Students on my Learn to Speak Horse program tell me that hands down, learning how to understand and respond to what their horses are telling them in the green zone, had the biggest impact on their relationship with their horse.


3. Understanding what motivates our horses’ behaviour

Behaviour always occurs for a reason. Oftentimes though, we misinterpret the reasons that our horse does something, because we can only see the behaviour through our ‘human lens’ and we attribute reasons a human might do the behaviour, simply because we don’t have the ‘horse lens’ to see through, to understand why our horse is doing the behaviour.


One example of this is whenever a horse is described as naughty or manipulative.
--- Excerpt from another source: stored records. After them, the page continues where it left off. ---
lemma sum_power_tail_le:
  fixes Y \<rho> :: real
  assumes "0 < \<rho>" "\<rho> < real p + 1" "0 < Y" "1 \<le> M" "Y powr \<rho> \<le> 2 * real M"
  shows "(\<Sum>m\<in>{M<..K}. (Y * real m powr (-1 / \<rho>)) ^ Suc p)
           \<le> 2 powr ((real p + 1) / \<rho> - 1) / ((real p + 1) / \<rho> - 1) * Y powr \<rho>"
proof -
  define l where "l = 1 - (real p + 1) / \<rho>"
  have l: "l < 0" using assms by (auto simp: l_def field_simps)
  have "(\<Sum>m\<in>{M<..K}. (Y * real m powr (-1 / \<rho>)) ^ Suc p)
          = Y ^ Suc p * (\<Sum>m\<in>{M<..K}. real m powr (l - 1))"
  proof -
    have eq: "(Y * real m powr (-1 / \<rho>)) ^ Suc p = Y ^ Suc p * real m powr (l - 1)"
      if "m \<in> {M<..K}" for m
    proof -
      have "real (Suc p) * (-1 / \<rho>) = l - 1" using assms by (simp add: l_def field_simps)
      thus ?thesis using that power_mult_powr[of "real m" Y "-1 / \<rho>" "Suc p"] by simp
    qed
    show ?thesis unfolding sum_distrib_left by (rule sum.cong [OF refl eq])
  qed
  also have "\<dots> \<le> Y ^ Suc p * (real M powr l / - l)"
    using assms by (intro mult_left_mono sum_powr_greaterThan_le l) auto
  also have "\<dots> \<le> Y ^ Suc p * ((Y powr \<rho> / 2) powr l / - l)"
    using assms l by (intro mult_left_mono divide_right_mono powr_mono2') auto
  also have "\<dots> = 2 powr (- l) / - l * Y powr \<rho>"
  proof -
    have "(Y powr \<rho> / 2) powr l = Y powr (\<rho> * l) * 2 powr (- l)"
      using assms by (simp add: powr_divide powr_powr powr_minus_divide)
    moreover have "Y ^ Suc p * Y powr (\<rho> * l) = Y powr (real p + 1 + \<rho> * l)"
      using assms by (simp add: powr_realpow [symmetric] powr_add)
    moreover have "real p + 1 + \<rho> * l = \<rho>" using assms by (simp add: l_def field_simps)
    ultimately show ?thesis by (simp add: field_simps)
  qed
  finally show ?thesis by (simp add: l_def)
qed
definition M_op :: "('i \<Rightarrow> real) \<Rightarrow> ('i \<Rightarrow> real) \<Rightarrow> ('i \<Rightarrow> real)" where
  "M_op \<kappa> x = (\<lambda>i. \<kappa> i * x i)"

definition M_pinv_dom :: "('i \<Rightarrow> real) \<Rightarrow> ('i \<Rightarrow> real) set" where
  "M_pinv_dom \<kappa> = {c. c \<in> l2 \<and> (\<lambda>i. c i / \<kappa> i) \<in> l2}"

definition M_pinv :: "('i \<Rightarrow> real) \<Rightarrow> ('i \<Rightarrow> real) \<Rightarrow> ('i \<Rightarrow> real)" where
  "M_pinv \<kappa> c = (\<lambda>i. c i / \<kappa> i)"

definition nonlinear_reg_filter :: "(real \<Rightarrow> real \<Rightarrow> real \<Rightarrow> real) \<Rightarrow> bool" where
  "nonlinear_reg_filter \<phi> \<longleftrightarrow>
     (\<forall>\<alpha>>0. \<forall>k>0.
        mono (\<phi> \<alpha> k) \<and>
        (\<forall>c d. \<bar>\<phi> \<alpha> k c - \<phi> \<alpha> k d\<bar> \<le> \<bar>c - d\<bar>) \<and>
        \<phi> \<alpha> k 0 = 0) \<and>
     (\<forall>k>0. \<forall>c. ((\<lambda>\<alpha>. \<phi> \<alpha> k c) \<longlongrightarrow> c) (at_right 0))"

definition Phi_op :: "(real \<Rightarrow> real \<Rightarrow> real \<Rightarrow> real) \<Rightarrow> real \<Rightarrow> ('i \<Rightarrow> real) \<Rightarrow> ('i \<Rightarrow> real) \<Rightarrow> ('i \<Rightarrow> real)" where
  "Phi_op \<phi> \<alpha> \<kappa> c = (\<lambda>i. \<phi> \<alpha> (\<kappa> i) (c i))"

definition MPhi_dom :: "(real \<Rightarrow> real \<Rightarrow> real \<Rightarrow> real) \<Rightarrow> real \<Rightarrow> ('i \<Rightarrow> real) \<Rightarrow> ('i \<Rightarrow> real) set" where
  "MPhi_dom \<phi> \<alpha> \<kappa> = {z. z \<in> l2 \<and> Phi_op \<phi> \<alpha> \<kappa> z \<in> M_pinv_dom \<kappa>}"

definition MPhi_ran :: "(real \<Rightarrow> real \<Rightarrow> real \<Rightarrow> real) \<Rightarrow> real \<Rightarrow> ('i \<Rightarrow> real) \<Rightarrow> ('i \<Rightarrow> real) set" where
  "MPhi_ran \<phi> \<alpha> \<kappa> = (\<lambda>z. M_pinv \<kappa> (Phi_op \<phi> \<alpha> \<kappa> z)) ` MPhi_dom \<phi> \<alpha> \<kappa>"

definition proper_fun :: "(real \<Rightarrow> ereal) \<Rightarrow> bool" where
  "proper_fun f \<longleftrightarrow> (\<forall>x. f x \<noteq> -\<infinity>) \<and> (\<exists>x. f x \<noteq> \<infinity>)"

definition convex_efun :: "(real \<Rightarrow> ereal) \<Rightarrow> bool" where
  "convex_efun f \<longleftrightarrow> (\<forall>x y t. 0 \<le> t \<and> t \<le> 1 \<longrightarrow>
      f ((1 - t) * x + t * y) \<le> ereal (1 - t) * f x + ereal t * f y)"

definition lsc_efun :: "(real \<Rightarrow> ereal) \<Rightarrow> bool" where
  "lsc_efun f \<longleftrightarrow> (\<forall>x. f x \<le> Liminf (at x) f)"

definition prox :: "(real \<Rightarrow> ereal) \<Rightarrow> real \<Rightarrow> real" where
  "prox f x = (THE y. \<forall>z. ereal ((x - y)\<^sup>2 / 2) + f y \<le> ereal ((x - z)\<^sup>2 / 2) + f z)"

text \<open>The kappa-regularizer R_alpha(x) = sum_i s_{alpha,i}(kappa_i x_i) of nonnegative
  extended reals: finite iff all terms finite and summable, infinite otherwise.\<close>
definition reg_R :: "(real \<Rightarrow> 'i \<Rightarrow> real \<Rightarrow> ereal) \<Rightarrow> ('i \<Rightarrow> real) \<Rightarrow> real \<Rightarrow> ('i \<Rightarrow> real) \<Rightarrow> ereal" where
  "reg_R s \<kappa> \<alpha> x =
    (if (\<forall>i. s \<alpha> i (\<kappa> i * x i) \<noteq> \<infinity>) \<and>
        (\<lambda>i. real_of_ereal (s \<alpha> i (\<kappa> i * x i))) summable_on UNIV
     then ereal (\<Sum>\<^sub>\<infinity>i. real_of_ereal (s \<alpha> i (\<kappa> i * x i)))
     else \<infinity>)"
lemma Q_numerator_zero:
  assumes "d > 0" "\<forall>i\<in>{1..N}. x i = 0"
  shows "Q_numerator d N x = 0"
  using assms by (simp add: Q_numerator_def lambda_max_S_zero norm1_def)

lemma Q_numerator_ge_coord:
  assumes d: "d > 0" and i: "i \<in> {1..N}"
  shows "(real d ^ 2 - 1) * \<bar>x i\<bar> \<le> Q_numerator d N x"
proof -
  define e where "e = (\<lambda>_. 0::real)(i := x i)"
  have "norm1 N e = \<bar>x i\<bar>"
    unfolding e_def norm1_upd[OF i] by simp
  then have "(real d ^ 2 - 1) * \<bar>x i\<bar> \<le> Q_numerator d N e"
    using mult_left_mono[OF lambda_max_S_ge_coord[OF d i, of e] of_nat_0_le_iff]
    by (simp add: Q_numerator_def e_def power2_eq_square algebra_simps)
  also have "\<dots> \<le> Q_numerator d N x"
    by (rule Q_numerator_mono[OF d]) (simp add: e_def)
  finally show ?thesis .
qed

lemma Q_norm_denominator_pos: "d \<ge> 2 \<Longrightarrow> real d ^ 2 - 1 > 0"
  by (simp add: less_1_mult power2_eq_square)

lemma Q_norm_cong: "\<forall>i\<in>{1..N}. x i = y i \<Longrightarrow> Q_norm d N x = Q_norm d N y"
  unfolding Q_norm_eq_Q_numerator by (simp add: Q_numerator_abs_cong)

lemma Q_norm_nonneg:
  assumes "d \<ge> 2"
  shows "Q_norm d N x \<ge> 0"
proof -
  have "0 = Q_numerator d N (\<lambda>_. 0)" using assms by (simp add: Q_numerator_zero)
  also have "\<dots> \<le> Q_numerator d N x" using assms by (intro Q_numerator_mono) auto
  moreover have "real d ^ 2 - 1 > 0" using Q_norm_denominator_pos[OF assms] .
  ultimately show ?thesis by (simp add: Q_norm_eq_Q_numerator)
qed

lemma Q_norm_eq_0_iff:
  assumes "d \<ge> 2"
  shows "Q_norm d N x = 0 \<longleftrightarrow> (\<forall>i\<in>{1..N}. x i = 0)"
proof
  have pos: "real d ^ 2 - 1 > 0" using Q_norm_denominator_pos[OF assms] .
  show "\<forall>i\<in>{1..N}. x i = 0" if "Q_norm d N x = 0"
  proof
    fix i assume "i \<in> {1..N}"
    then have "(real d ^ 2 - 1) * \<bar>x i\<bar> \<le> 0"
      using Q_numerator_ge_coord[of d i N x] that assms pos by (simp add: Q_norm_eq_Q_numerator)
    then show "x i = 0" using pos by (simp add: mult_le_0_iff)
  qed
qed (use assms in \<open>simp add: Q_norm_eq_Q_numerator Q_numerator_zero\<close>)

lemma Q_norm_scale:
  assumes "d > 0"
  shows "Q_norm d N (\<lambda>i. c * x i) = \<bar>c\<bar> * Q_norm d N x"
  unfolding Q_norm_def norm1_def lambda_max_S_scale[OF assms]
  by (simp add: abs_mult sum_distrib_left algebra_simps)

lemma Q_norm_triangle:
  assumes "d \<ge> 2"
  shows "Q_norm d N (\<lambda>i. x i + y i) \<le> Q_norm d N x + Q_norm d N y"
proof -
  have d: "d > 0" using assms by simp
  have "Q_numerator d N (\<lambda>i. x i + y i) \<le> Q_numerator d N (\<lambda>i. \<bar>x i\<bar> + \<bar>y i\<bar>)"
    by (rule Q_numerator_mono[OF d]) (auto simp: abs_triangle_ineq)
  also have "\<dots> \<le> Q_numerator d N x + Q_numerator d N y"
    using mult_left_mono[OF lambda_max_S_add_le[OF d, of N x y] of_nat_0_le_iff]
    by (simp add: Q_numerator_def norm1_def sum.distrib algebra_simps)
  moreover have "real d ^ 2 - 1 > 0" using Q_norm_denominator_pos[OF assms] .
  ultimately show ?thesis
    by (simp add: Q_norm_eq_Q_numerator add_divide_distrib[symmetric] divide_right_mono)
qed

theorem mainTheorem2:
  fixes d N :: nat
  assumes "d \<ge> 2" and "N \<ge> 1"
  shows "is_norm_on N (Q_norm d N)"
  unfolding is_norm_on_def
  using Q_norm_cong Q_norm_nonneg[OF assms(1)] Q_norm_eq_0_iff[OF assms(1)]
    Q_norm_scale[of d N] Q_norm_triangle[OF assms(1)] assms(1)
  by simp

end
Horses don’t have the mental capacity to be either naughty or manipulative, but humans excel at it, so it is top of mind for us to think of these things as drivers of behaviour if we are looking at horse behaviour through our ‘human lens’.


Instead, to truly understand our horses and to find the root cause of any problem behaviours, we need to learn to think like a horse. A key component in learning to think like a horse is understanding the Equine Hierarchy of Needs, because our horses will behave in ways to try and meet any unmet needs.


When we understand the Equine Hierarchy of Needs and can think like a horse, it gives us the ‘horse lens’ we need, to correctly interpret their behaviour. That is why learning about the Equine Hierarchy of Needs is a key component of my online program Learn to Speak Horse, because it is crucial for us to understand how to think like a horse, in order to apply the ‘horse lens’ and correctly interpret their behaviour and body language communications to us.


Taking the step of learning about the Equine Hierarchy of Needs and being able to apply the ‘horse lens’ to interpreting horse behaviour is truly relationship changing for you and your horse. In fact, one student describes this process as like having an image come into focus, because she suddenly had so much clarity about what her horse was saying by his behaviour and body language signals.